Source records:
────

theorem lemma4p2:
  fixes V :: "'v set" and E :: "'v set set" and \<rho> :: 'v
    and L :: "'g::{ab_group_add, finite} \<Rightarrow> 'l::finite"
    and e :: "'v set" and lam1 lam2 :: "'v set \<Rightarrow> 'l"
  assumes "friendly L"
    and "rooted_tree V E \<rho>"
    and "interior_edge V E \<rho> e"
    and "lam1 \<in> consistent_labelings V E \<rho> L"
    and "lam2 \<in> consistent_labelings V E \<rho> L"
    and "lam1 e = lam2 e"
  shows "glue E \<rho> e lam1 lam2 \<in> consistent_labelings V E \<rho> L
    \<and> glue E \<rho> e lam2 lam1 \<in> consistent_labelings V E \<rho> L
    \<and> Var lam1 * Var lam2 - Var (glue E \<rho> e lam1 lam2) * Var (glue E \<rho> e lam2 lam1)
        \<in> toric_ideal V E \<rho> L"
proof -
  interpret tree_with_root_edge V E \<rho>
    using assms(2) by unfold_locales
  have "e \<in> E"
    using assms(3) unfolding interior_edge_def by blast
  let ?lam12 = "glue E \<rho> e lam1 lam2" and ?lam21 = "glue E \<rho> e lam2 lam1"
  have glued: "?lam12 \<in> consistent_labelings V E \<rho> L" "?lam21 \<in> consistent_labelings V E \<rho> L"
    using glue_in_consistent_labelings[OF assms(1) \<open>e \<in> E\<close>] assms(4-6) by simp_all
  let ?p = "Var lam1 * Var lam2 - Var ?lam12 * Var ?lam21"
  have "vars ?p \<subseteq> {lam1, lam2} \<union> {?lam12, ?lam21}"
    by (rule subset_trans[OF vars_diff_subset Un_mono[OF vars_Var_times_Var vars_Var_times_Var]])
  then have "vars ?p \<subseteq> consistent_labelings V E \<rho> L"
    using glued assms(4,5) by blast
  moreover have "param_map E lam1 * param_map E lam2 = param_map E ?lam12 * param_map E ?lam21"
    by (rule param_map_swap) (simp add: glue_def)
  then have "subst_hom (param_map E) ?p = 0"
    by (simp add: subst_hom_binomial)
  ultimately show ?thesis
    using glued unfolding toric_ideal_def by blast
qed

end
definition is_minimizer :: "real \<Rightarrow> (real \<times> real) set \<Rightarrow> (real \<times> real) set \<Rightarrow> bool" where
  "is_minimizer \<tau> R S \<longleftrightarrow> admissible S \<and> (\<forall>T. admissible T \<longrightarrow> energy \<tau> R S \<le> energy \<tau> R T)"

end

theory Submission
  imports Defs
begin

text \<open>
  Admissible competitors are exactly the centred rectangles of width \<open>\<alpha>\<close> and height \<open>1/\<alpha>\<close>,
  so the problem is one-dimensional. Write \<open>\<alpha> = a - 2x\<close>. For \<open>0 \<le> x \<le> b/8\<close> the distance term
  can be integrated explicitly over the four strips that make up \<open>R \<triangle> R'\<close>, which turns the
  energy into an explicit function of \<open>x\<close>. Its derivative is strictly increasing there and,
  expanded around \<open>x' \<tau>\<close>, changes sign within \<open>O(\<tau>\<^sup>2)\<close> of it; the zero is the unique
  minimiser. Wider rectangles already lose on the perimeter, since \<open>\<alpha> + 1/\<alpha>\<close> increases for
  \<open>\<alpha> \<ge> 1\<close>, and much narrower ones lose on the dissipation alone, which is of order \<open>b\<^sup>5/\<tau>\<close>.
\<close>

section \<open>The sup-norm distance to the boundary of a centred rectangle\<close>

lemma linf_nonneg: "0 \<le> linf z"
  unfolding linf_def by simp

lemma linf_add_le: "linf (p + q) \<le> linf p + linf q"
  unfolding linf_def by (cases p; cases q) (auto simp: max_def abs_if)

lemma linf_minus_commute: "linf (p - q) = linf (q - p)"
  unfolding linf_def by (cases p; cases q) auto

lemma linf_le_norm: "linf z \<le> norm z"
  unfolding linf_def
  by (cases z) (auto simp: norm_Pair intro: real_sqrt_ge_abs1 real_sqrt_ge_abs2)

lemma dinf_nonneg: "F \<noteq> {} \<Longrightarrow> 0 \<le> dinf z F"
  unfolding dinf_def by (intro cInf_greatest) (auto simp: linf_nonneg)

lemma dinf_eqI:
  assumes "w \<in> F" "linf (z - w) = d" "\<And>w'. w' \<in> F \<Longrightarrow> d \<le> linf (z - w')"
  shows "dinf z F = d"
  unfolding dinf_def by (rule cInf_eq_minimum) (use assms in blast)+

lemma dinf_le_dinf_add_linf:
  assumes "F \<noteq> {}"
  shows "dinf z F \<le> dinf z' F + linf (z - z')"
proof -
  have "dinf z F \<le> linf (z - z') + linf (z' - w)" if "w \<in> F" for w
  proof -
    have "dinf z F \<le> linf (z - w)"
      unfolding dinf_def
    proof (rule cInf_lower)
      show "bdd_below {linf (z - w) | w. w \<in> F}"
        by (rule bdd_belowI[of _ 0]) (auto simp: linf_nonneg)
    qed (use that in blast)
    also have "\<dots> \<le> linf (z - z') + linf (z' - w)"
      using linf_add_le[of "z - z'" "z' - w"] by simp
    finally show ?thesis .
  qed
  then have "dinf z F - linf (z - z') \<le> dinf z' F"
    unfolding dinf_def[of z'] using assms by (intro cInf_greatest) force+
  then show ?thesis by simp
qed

────

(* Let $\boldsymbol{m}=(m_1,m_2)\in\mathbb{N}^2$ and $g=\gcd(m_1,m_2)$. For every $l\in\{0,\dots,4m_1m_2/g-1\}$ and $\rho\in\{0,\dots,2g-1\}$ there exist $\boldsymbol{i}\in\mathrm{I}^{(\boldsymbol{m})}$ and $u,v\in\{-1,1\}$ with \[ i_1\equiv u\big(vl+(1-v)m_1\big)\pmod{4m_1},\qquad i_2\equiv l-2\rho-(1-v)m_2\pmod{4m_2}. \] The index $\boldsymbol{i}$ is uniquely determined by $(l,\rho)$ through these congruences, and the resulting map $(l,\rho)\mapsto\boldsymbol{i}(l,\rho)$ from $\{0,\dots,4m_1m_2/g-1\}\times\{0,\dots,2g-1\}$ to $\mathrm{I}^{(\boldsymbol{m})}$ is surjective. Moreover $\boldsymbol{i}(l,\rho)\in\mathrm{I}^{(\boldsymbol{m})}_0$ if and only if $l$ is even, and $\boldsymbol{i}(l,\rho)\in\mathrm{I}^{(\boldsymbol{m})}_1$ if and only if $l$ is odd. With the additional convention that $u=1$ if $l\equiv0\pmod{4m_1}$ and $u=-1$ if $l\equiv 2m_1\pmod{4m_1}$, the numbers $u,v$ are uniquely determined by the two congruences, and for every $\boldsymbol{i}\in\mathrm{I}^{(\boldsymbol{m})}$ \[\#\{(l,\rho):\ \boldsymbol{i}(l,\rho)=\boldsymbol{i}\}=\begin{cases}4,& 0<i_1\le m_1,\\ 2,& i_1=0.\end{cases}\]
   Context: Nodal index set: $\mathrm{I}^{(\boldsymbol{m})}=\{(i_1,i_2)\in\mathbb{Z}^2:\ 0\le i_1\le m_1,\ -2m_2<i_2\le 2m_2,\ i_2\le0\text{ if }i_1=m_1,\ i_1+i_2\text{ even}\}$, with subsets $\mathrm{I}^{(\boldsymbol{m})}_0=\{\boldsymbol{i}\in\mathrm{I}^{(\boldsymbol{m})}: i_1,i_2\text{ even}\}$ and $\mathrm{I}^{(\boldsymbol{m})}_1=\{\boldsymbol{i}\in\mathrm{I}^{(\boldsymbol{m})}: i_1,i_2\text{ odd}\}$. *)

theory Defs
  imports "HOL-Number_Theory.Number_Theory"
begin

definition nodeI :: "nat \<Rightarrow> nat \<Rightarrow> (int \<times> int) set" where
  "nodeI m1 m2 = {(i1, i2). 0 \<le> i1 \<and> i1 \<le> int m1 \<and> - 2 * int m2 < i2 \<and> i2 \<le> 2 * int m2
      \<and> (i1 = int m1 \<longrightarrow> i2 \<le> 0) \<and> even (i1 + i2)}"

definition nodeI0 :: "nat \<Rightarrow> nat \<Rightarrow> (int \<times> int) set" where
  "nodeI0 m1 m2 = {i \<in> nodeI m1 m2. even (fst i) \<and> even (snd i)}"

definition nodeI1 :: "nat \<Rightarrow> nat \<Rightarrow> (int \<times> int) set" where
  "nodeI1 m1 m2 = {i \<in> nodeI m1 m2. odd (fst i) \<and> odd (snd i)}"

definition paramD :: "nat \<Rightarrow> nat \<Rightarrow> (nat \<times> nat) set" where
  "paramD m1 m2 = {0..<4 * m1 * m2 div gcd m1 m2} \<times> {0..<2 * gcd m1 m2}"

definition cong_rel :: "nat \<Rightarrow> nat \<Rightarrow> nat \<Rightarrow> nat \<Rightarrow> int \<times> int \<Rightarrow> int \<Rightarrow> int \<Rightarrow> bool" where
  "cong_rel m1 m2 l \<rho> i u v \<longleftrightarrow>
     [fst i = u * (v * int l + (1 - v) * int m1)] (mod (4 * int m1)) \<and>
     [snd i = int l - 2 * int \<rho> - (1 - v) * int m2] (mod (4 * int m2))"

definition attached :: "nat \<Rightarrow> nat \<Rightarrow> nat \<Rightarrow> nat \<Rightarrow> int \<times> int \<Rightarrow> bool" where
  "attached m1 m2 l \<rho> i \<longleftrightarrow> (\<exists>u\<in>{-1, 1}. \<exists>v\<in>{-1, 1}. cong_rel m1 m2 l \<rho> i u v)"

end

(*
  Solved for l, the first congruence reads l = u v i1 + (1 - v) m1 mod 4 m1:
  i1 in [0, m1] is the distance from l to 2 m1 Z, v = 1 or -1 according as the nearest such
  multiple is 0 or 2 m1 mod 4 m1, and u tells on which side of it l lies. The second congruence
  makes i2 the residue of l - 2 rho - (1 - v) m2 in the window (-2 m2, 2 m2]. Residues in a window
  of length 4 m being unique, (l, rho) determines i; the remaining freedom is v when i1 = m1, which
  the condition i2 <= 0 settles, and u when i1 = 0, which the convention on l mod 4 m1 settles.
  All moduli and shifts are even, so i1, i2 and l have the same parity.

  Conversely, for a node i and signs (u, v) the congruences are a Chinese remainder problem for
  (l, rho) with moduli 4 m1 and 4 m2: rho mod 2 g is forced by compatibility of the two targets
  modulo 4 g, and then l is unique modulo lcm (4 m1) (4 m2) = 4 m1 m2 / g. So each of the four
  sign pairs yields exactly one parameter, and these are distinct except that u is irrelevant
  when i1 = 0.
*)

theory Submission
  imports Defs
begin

────

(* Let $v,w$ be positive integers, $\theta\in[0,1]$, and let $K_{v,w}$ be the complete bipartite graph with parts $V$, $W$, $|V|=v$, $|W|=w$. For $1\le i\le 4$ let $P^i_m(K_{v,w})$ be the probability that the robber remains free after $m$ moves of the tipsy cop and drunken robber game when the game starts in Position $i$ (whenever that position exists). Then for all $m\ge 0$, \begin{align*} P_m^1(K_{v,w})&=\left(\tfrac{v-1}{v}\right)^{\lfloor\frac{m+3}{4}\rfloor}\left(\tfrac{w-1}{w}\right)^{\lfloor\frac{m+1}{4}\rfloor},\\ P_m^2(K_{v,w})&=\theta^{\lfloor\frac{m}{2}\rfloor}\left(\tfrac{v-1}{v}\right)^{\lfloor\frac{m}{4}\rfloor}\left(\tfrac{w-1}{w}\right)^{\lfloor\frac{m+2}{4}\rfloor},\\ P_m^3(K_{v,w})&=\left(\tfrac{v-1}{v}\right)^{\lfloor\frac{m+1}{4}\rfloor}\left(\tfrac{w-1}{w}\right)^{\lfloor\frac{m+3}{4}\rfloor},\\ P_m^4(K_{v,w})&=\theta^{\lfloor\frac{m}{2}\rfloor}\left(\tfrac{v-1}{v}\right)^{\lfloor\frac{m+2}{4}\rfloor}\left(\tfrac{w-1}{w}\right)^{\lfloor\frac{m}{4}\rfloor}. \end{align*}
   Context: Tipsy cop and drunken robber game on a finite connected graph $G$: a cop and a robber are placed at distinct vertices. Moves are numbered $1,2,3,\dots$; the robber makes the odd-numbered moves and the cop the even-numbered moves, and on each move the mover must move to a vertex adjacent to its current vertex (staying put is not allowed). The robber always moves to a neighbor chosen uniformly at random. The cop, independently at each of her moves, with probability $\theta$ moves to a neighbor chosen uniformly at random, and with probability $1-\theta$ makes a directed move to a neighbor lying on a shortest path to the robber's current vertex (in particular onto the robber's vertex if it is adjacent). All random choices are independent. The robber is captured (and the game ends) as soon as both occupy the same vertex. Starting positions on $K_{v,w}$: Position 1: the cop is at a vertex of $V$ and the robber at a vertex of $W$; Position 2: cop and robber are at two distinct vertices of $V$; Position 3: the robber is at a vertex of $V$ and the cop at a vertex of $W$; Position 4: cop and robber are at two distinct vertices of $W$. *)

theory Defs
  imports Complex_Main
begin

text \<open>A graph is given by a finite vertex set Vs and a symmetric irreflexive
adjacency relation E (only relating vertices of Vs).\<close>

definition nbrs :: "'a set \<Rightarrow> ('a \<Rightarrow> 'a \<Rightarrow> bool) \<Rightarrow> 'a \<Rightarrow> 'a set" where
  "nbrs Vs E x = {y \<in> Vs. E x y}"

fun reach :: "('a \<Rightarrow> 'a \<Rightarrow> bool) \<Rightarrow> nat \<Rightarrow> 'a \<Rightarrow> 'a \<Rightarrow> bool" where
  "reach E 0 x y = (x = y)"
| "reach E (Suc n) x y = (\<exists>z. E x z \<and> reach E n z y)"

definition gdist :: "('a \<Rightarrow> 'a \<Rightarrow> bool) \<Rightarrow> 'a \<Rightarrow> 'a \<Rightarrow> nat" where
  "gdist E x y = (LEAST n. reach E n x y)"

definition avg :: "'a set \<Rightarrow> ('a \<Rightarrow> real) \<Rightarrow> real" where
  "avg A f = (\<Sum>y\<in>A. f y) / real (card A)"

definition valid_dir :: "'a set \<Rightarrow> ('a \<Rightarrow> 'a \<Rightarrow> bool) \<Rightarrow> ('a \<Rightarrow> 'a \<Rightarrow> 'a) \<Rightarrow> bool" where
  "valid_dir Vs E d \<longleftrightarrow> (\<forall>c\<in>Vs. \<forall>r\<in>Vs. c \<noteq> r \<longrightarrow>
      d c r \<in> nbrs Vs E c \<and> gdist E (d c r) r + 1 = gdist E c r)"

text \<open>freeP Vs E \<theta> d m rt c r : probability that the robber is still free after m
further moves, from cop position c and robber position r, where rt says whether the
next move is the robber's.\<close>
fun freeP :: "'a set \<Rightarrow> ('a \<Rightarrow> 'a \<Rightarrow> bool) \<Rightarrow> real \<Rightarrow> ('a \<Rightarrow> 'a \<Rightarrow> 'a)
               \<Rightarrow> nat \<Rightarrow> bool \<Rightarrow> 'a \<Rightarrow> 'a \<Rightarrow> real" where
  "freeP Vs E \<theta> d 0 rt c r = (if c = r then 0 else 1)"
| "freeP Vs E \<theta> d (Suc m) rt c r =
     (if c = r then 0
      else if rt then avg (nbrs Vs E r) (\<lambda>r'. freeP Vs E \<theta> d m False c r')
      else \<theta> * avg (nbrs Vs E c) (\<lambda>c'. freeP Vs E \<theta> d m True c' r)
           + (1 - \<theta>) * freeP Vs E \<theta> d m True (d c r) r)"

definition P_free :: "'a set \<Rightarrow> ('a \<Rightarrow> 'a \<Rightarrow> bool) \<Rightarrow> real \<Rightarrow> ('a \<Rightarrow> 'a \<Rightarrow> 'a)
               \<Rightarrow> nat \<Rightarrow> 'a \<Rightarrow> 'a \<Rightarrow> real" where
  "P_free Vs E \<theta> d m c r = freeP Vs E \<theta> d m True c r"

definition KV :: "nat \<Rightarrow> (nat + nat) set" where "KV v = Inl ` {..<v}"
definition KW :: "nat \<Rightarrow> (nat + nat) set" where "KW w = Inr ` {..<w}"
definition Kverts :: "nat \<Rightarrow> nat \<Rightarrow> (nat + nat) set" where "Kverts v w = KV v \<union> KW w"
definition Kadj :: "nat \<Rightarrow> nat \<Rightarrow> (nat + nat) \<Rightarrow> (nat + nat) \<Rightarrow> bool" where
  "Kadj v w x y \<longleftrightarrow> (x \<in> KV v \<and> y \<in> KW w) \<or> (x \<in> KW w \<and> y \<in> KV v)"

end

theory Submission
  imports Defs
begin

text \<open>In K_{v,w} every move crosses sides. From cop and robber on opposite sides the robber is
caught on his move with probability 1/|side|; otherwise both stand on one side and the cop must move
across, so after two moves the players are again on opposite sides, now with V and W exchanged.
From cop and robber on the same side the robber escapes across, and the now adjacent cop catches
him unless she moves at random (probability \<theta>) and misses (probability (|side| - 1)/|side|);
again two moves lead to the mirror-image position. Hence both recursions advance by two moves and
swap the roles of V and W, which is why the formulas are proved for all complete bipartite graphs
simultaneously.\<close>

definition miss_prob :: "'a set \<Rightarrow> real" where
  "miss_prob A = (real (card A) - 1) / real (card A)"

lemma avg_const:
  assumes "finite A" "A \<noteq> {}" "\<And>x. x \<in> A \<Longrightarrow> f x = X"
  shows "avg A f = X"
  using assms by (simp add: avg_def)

────

### Work required
Among the entries above, the lines between the ones containing "simultaneously.\<close>" and "using assms by (simp add: avg_def)", inclusive, are to be transcribed exactly. No other line is to be given.

### Output for this exercise
simultaneously.\<close>

definition miss_prob :: "'a set \<Rightarrow> real" where
  "miss_prob A = (real (card A) - 1) / real (card A)"

lemma avg_const:
  assumes "finite A" "A \<noteq> {}" "\<And>x. x \<in> A \<Longrightarrow> f x = X"
  shows "avg A f = X"
  using assms by (simp add: avg_def)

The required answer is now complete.